A triste menina cobriu o rosto banhado de pranto e balbuciou:

― Irei para onde quizerem.. O' minha mãe!.. minha mãe!..

― Valha-a Nossa Senhora dos Remedios!.. Não chore assim! As lagrimas não dão vida a ninguem. Se eu tivesse estragado a vista assim a chorar pelos meus defuntos, bem aviada estaria agora! Meu filho, valha a verdade, da-me quanto póde; mas não quero fazer-lhe muitas despesas, porque a sua soldada não é grande, e são rapazes... gostam de tafular e de fazer a sua franciscanada de tempos em quando. E mais dia, menos dia, casa: e agora o verás!.. Eu bem sei o que são nóras!

― E eu tenho feito muitas despesas ao snr. Francisco... Muitas vezes pensava n'isto; mas... Irei para casa da viuva de meu tio até achar uma casa que me queira por mestra... ou mesmo por creada.

― Isso não. Estará muito bem em casa da snr.a D. Ermelinda, que é uma senhora ás direitas!.. Deve ir hoje mesmo para lá. Se meu filho o sabe antes, ha-de dizer que não, e que não. Elle não chora o que gasta com v. s.a. Não é por ser meu filho, mas é liberal uma vez!.. Ainda que se empenhe até ás orelhas, não ha de confessar fraqueza. «Mais facil será, dizia elle antes d'hontem, que eu deixe o meu cachimbo, e beba só agua, do que deixar faltar nada a esta triste senhora.»

― Que bondoso coração! que excellente alma!.. Devo poupar-lhe novos gastos comigo. Vejo que por ora não posso trabalhar. Não sei senão chorar. Mas queria despedir-me d'elle, e agradecer-lhe...

― Deixe-se d'isso. Elle é teimoso o preciso! Quereria obrigal-a a ficar. Quiz-me comer hontem por eu lhe fallar no offerecimento da snr.a D. Ermelinda. Chamou-lhe bruxa, feiticeira, carcassa do brasabú. Não tenho medo da sua agonia. Não sou uma mãe maricas; mas elle é capas de descompôra snr.a D. Ermelinda, e ella agoniar-se-ha, e adeus minhas encommendas! Ficava v. s.a como o parvo na ponte.

― Pois estou por tudo. Irei quando quizer; e dirá depois a seu filho, que a minha gratidão será eterna.

― Quando vinha para cá, encontrei a sr.a D. Ermelinda. Disse-me que viria perto da noite buscal-a. Ella parece temer meu filho, que lhe mostra má cara, quando a vê. Elle ás vezes parece aluado! Diz que a snr.a D. Ermelinda é fidalga feita á pressa!.. E não sei onde elle foi buscar aquillo. A snr.a D. Ermelinda é fidalga nos quatro costados. Quando falla nas suas amigas, é baroneza d'aqui, marqueza d'acolá!.. V. s.a ha-de divertir-se muito em casa d'ella.

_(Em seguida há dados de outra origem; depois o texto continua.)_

lemma chain_components_order_isomorphic:
  assumes bij: "bij_betw \<psi> (Field s) Z"
    and mono: "\<And>x y. x \<in> Field s \<Longrightarrow> y \<in> Field s \<Longrightarrow> \<psi> x \<le> \<psi> y \<longleftrightarrow> (x, y) \<in> s"
  shows "\<exists>\<phi>. bij_betw \<phi> (chain_components (descent_map Z)) (Field s) \<and>
           (\<forall>A\<in>chain_components (descent_map Z). \<forall>B\<in>chain_components (descent_map Z).
              comp_le (descent_map Z) A B \<longleftrightarrow> (\<phi> A, \<phi> B) \<in> s)"
proof -
  define \<sigma> where "\<sigma> x = {\<psi> x}" for x
  have "bij_betw (\<lambda>p. {p}) Z (chain_components (descent_map Z))"
    unfolding chain_components_descent_map by (simp add: bij_betw_def inj_on_def)
  then have \<sigma>: "bij_betw \<sigma> (Field s) (chain_components (descent_map Z))"
    unfolding \<sigma>_def using bij_betw_trans[OF bij] by (simp add: comp_def)
  define \<phi> where "\<phi> = inv_into (Field s) \<sigma>"
  have \<phi>: "bij_betw \<phi> (chain_components (descent_map Z)) (Field s)"
    unfolding \<phi>_def by (rule bij_betw_inv_into[OF \<sigma>])
  have "comp_le (descent_map Z) A B \<longleftrightarrow> (\<phi> A, \<phi> B) \<in> s"
    if AB: "A \<in> chain_components (descent_map Z)" "B \<in> chain_components (descent_map Z)" for A B
  proof -
    have "A \<in> \<sigma> ` Field s" "B \<in> \<sigma> ` Field s"
      using AB \<sigma> by (simp_all add: bij_betw_def)
    then obtain a b where ab: "a \<in> Field s" "b \<in> Field s" "A = \<sigma> a" "B = \<sigma> b"
      by blast
    then have "\<phi> A = a" "\<phi> B = b"
      unfolding \<phi>_def using \<sigma> by (auto simp: bij_betw_def)
    moreover have "\<psi> a \<in> Z" "\<psi> b \<in> Z" using ab bij bij_betwE by blast+
    ultimately show ?thesis
      using ab comp_le_descent_map_iff mono unfolding \<sigma>_def by simp
  qed
  then show ?thesis using \<phi> by blast
qed

end

lemma countable_positive_weights:
  fixes A :: "'a set"
  assumes "countable A"
  obtains w :: "'a \<Rightarrow> real" where "\<And>a. 0 < w a" "w summable_on A" "infsum w A \<le> 1"
proof -
  define g :: "nat \<Rightarrow> real" where "g n = (1/2) ^ Suc n" for n
  have "(g has_sum 1) UNIV"
    unfolding g_def by (rule sums_nonneg_imp_has_sum[OF power_half_series]) simp
  then have g: "g summable_on UNIV" "infsum g UNIV = 1"
    by (auto simp: summable_on_def infsumI)
  define idx where "idx = to_nat_on A"
  have inj: "inj_on idx A"
    unfolding idx_def by (rule inj_on_to_nat_on[OF assms])
  have "g summable_on idx ` A"
    using summable_on_subset[OF g(1)] by blast
  then have summable: "(g \<circ> idx) summable_on A"
    using summable_on_reindex[OF inj] by blast
  have "infsum (g \<circ> idx) A = infsum g (idx ` A)"
    by (rule infsum_reindex[OF inj, symmetric])
  also have "\<dots> \<le> infsum g UNIV"
    using \<open>g summable_on idx ` A\<close> g(1) by (intro infsum_mono2) (auto simp: g_def)
  finally have "infsum (g \<circ> idx) A \<le> 1" using g(2) by simp
  moreover have "0 < (g \<circ> idx) a" for a by (simp add: g_def)
  ultimately show thesis using that summable by blast
qed

lemma Field_succ_ord: "Field (succ_ord r) = insert None (Some ` Field r)"
proof
  show "Field (succ_ord r) \<subseteq> insert None (Some ` Field r)"
    unfolding succ_ord_def by (auto simp: Field_def)
  have "(x, None) \<in> succ_ord r" if "x \<in> insert None (Some ` Field r)" for x
    using that unfolding succ_ord_def by auto
  then show "insert None (Some ` Field r) \<subseteq> Field (succ_ord r)"
    by (blast intro: FieldI1)
qed

lemma Some_in_Field_succ_ord [simp]: "Some a \<in> Field (succ_ord r) \<longleftrightarrow> a \<in> Field r"
  by (auto simp: Field_succ_ord)

lemma Some_Some_in_succ_ord [simp]: "(Some a, Some b) \<in> succ_ord r \<longleftrightarrow> (a, b) \<in> r"
  unfolding succ_ord_def by auto

lemma None_Some_notin_succ_ord [simp]: "(None, Some b) \<notin> succ_ord r"
  unfolding succ_ord_def by auto

lemma below_None_in_succ_ord: "(x, None) \<in> succ_ord r \<longleftrightarrow> x \<in> Field (succ_ord r)"
  unfolding Field_succ_ord by (auto simp: succ_ord_def)

locale weighted_well_order = wo_rel r for r :: "'a rel" +
  fixes w :: "'a \<Rightarrow> real"
  assumes weight_pos: "\<And>a. a \<in> Field r \<Longrightarrow> 0 < w a"
    and weight_summable: "w summable_on Field r"
    and total_weight: "infsum w (Field r) \<le> 1"
begin

abbreviation mass :: "'a set \<Rightarrow> real" where
  "mass A \<equiv> infsum w A"

lemma ofilter_subset_Field: "ofilter D \<Longrightarrow> D \<subseteq> Field r"
  unfolding ofilter_def by blast

lemma summable_on_Field_subset: "A \<subseteq> Field r \<Longrightarrow> w summable_on A"
  using summable_on_subset weight_summable by blast

lemma mass_nonneg: "A \<subseteq> Field r \<Longrightarrow> 0 \<le> mass A"
  using weight_pos by (intro infsum_nonneg) (auto intro: less_imp_le)

lemma mass_mono: "A \<subseteq> B \<Longrightarrow> B \<subseteq> Field r \<Longrightarrow> mass A \<le> mass B"
  using weight_pos by (intro infsum_mono2 summable_on_Field_subset) (auto intro: less_imp_le)

lemma mass_insert: "A \<subseteq> Field r \<Longrightarrow> a \<notin> A \<Longrightarrow> mass (insert a A) = w a + mass A"
  by (intro infsum_insert summable_on_Field_subset)

lemma mass_strict_mono:
  assumes "A \<subset> B" "B \<subseteq> Field r"
  shows "mass A < mass B"
proof -
  obtain b where "b \<in> B" "b \<notin> A" using assms(1) by blast
  then have "mass A < w b + mass A" using weight_pos assms(2) by (simp add: subset_iff)
  also have "\<dots> = mass (insert b A)" using mass_insert assms \<open>b \<notin> A\<close> by auto
  also have "\<dots> \<le> mass B" using mass_mono assms \<open>b \<in> B\<close> by auto
  finally show ?thesis .
qed

lemma mass_under: "a \<in> Field r \<Longrightarrow> mass (under a) = mass (underS a) + w a"
  using Refl_under_underS[OF REFL] mass_insert[OF Order_Relation.underS_Field underS_notIn] by simp

lemma ofilter_mass_le_iff:
  assumes "ofilter A" "ofilter B"
  shows "mass A \<le> mass B \<longleftrightarrow> A \<subseteq> B"
proof
  have "A \<subseteq> Field r" "B \<subseteq> Field r" using assms ofilter_subset_Field by blast+
  show "A \<subseteq> B" if "mass A \<le> mass B"
  proof (rule ccontr)
    assume "\<not> A \<subseteq> B"
    then have "B \<subset> A" using ofilter_linord[OF assms] by blast
    then have "mass B < mass A" using mass_strict_mono \<open>A \<subseteq> Field r\<close> by blast
    then show False using that by linarith
  qed
  show "mass A \<le> mass B" if "A \<subseteq> B" using mass_mono[OF that \<open>B \<subseteq> Field r\<close>] .
qed

lemma ofilter_below_or_above:
  assumes "ofilter D" "a \<in> Field r"
  shows "D \<subseteq> underS a \<or> under a \<subseteq> D"
proof (cases "a \<in> D")
  case True
  then have "under a \<subseteq> D" using assms(1) unfolding ofilter_def by blast
  then show ?thesis ..
next
  case False
  have "under a = insert a (underS a)" using Refl_under_underS[OF REFL assms(2)] by simp
  then have "D \<subseteq> under a \<Longrightarrow> D \<subseteq> underS a" using False by auto
  then show ?thesis using ofilter_linord[OF assms(1) under_ofilter] by blast
qed

lemma mass_ofilter_outside_gap:
  "ofilter D \<Longrightarrow> a \<in> Field r \<Longrightarrow> mass D \<le> mass (underS a) \<or> mass (under a) \<le> mass D"
proof -
  assume "ofilter D" "a \<in> Field r"
  then have "D \<subseteq> Field r" using ofilter_subset_Field by blast
  from ofilter_below_or_above[OF \<open>ofilter D\<close> \<open>a \<in> Field r\<close>] show ?thesis
  proof
    assume "D \<subseteq> underS a"
    then show ?thesis using mass_mono[OF _ Order_Relation.underS_Field] by simp
  next
    assume "under a \<subseteq> D"
    then show ?thesis using mass_mono[OF _ \<open>D \<subseteq> Field r\<close>] by simp
  qed
qed

lemma finite_subset_under_some_element:
  "finite F \<Longrightarrow> F \<noteq> {} \<Longrightarrow> F \<subseteq> Field r \<Longrightarrow> \<exists>m\<in>F. F \<subseteq> under m"
proof (induction F rule: finite_ne_induct)
  case (singleton x)
  then show ?case using Refl_under_in[OF REFL] by auto
next
  case (insert x F)
  then obtain m where "m \<in> F" "F \<subseteq> under m" by auto
  define m' where "m' = max2 x m"
  have "(x, m') \<in> r" "(m, m') \<in> r" "m' \<in> {x, m}"
    unfolding m'_def using max2_greater_among insert.prems \<open>m \<in> F\<close> by auto
  then have "insert x F \<subseteq> under m'"
    using \<open>F \<subseteq> under m\<close> under_incr[OF TRANS] by (auto simp: under_def)
  then show ?case using \<open>m' \<in> {x, m}\<close> \<open>m \<in> F\<close> by blast
qed

lemma mass_ofilter_approx:
  assumes "ofilter D" "0 \<le> t" "t < mass D"
  shows "\<exists>a\<in>D. t < mass (under a)"
proof -
  have D: "D \<subseteq> Field r" using ofilter_subset_Field[OF assms(1)] .
  obtain F where F: "finite F" "F \<subseteq> D" "dist (sum w F) (mass D) \<le> (mass D - t) / 2"
    using infsum_finite_approximation[OF summable_on_Field_subset[OF D], of "(mass D - t) / 2"] assms(3)
    by auto
  then have "t < sum w F" using assms(3) abs_le_D2 unfolding dist_real_def by fastforce
  then have "F \<noteq> {}" using assms(2) by auto
  moreover have "F \<subseteq> Field r" using F(2) D by blast
  ultimately obtain m where "m \<in> F" "F \<subseteq> under m"
    using finite_subset_under_some_element[OF F(1)] by blast
  have "sum w F = mass F" using F(1) by simp
  also have "\<dots> \<le> mass (under m)" using mass_mono[OF \<open>F \<subseteq> under m\<close> under_Field] .
  finally have "t < mass (under m)" using \<open>t < sum w F\<close> by linarith
  then show ?thesis using \<open>m \<in> F\<close> F(2) by blast
qed

lemma mass_ofilter_bounds:
  assumes "ofilter D"
  shows "0 \<le> mass D" "mass D \<le> mass (Field r)"
  using mass_nonneg[OF ofilter_subset_Field] mass_mono[OF ofilter_subset_Field] assms by auto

― Ah! não estou para divertimentos!..

― Pois faz mal. Deve espairecer. As tristezas não servem para maldita coisa. Esta a bater na escada. Será talvez uma pessoa que lhe há-de trazer vestido e chapeu de luto, que a snr.a D. Ermelinda lhe manda. E dizer meu filho que é fidalga feita á pressa!

Era na verdade, vestido, mantelete e chapeu de luto. Tudo simples, mas bom.

Perto da noite, foi Ermelinda buscar a sua joven parenta. Costumára ir a casa de Carolina a pé; mas n'aquelle dia ia n'uma carruagem de aluguer. Não tinha trem; mas havia de tel-o, dizia ella, muito breve. Não tinha ainda tido tempo de cuidar d'isso.

A filha de Ricardo d'Oliveira despediu-se de Carolina, chorando. Seguia com repugnancia a viuva de seu tio. Carolina ficou tambem com as lagrimas nos olhos e murmurou comsigo mesmo:

― Ella estará muito melhor na casa d'aquella boa fidalga, e eu poderei andar na minha vida sem estar com o coração cançado. Eram flatos d'aqui, choros d'acolá... E esta rapaziada a rondar-me a porta!.. A mulher do funileiro disse-me que ainda esta manã subiu cá a riba um taful, que vinha muitas vezes com meu filho até á porta!.. Nada!.. Isto assim não tinha geito. A minha casa nunca foi casa de namoros. Mas não sei o que me está dizendo cá dentro, que fiz mal!. Queria ser bem rica, para a ter em casa e poder esdtar com ella para guardal-a.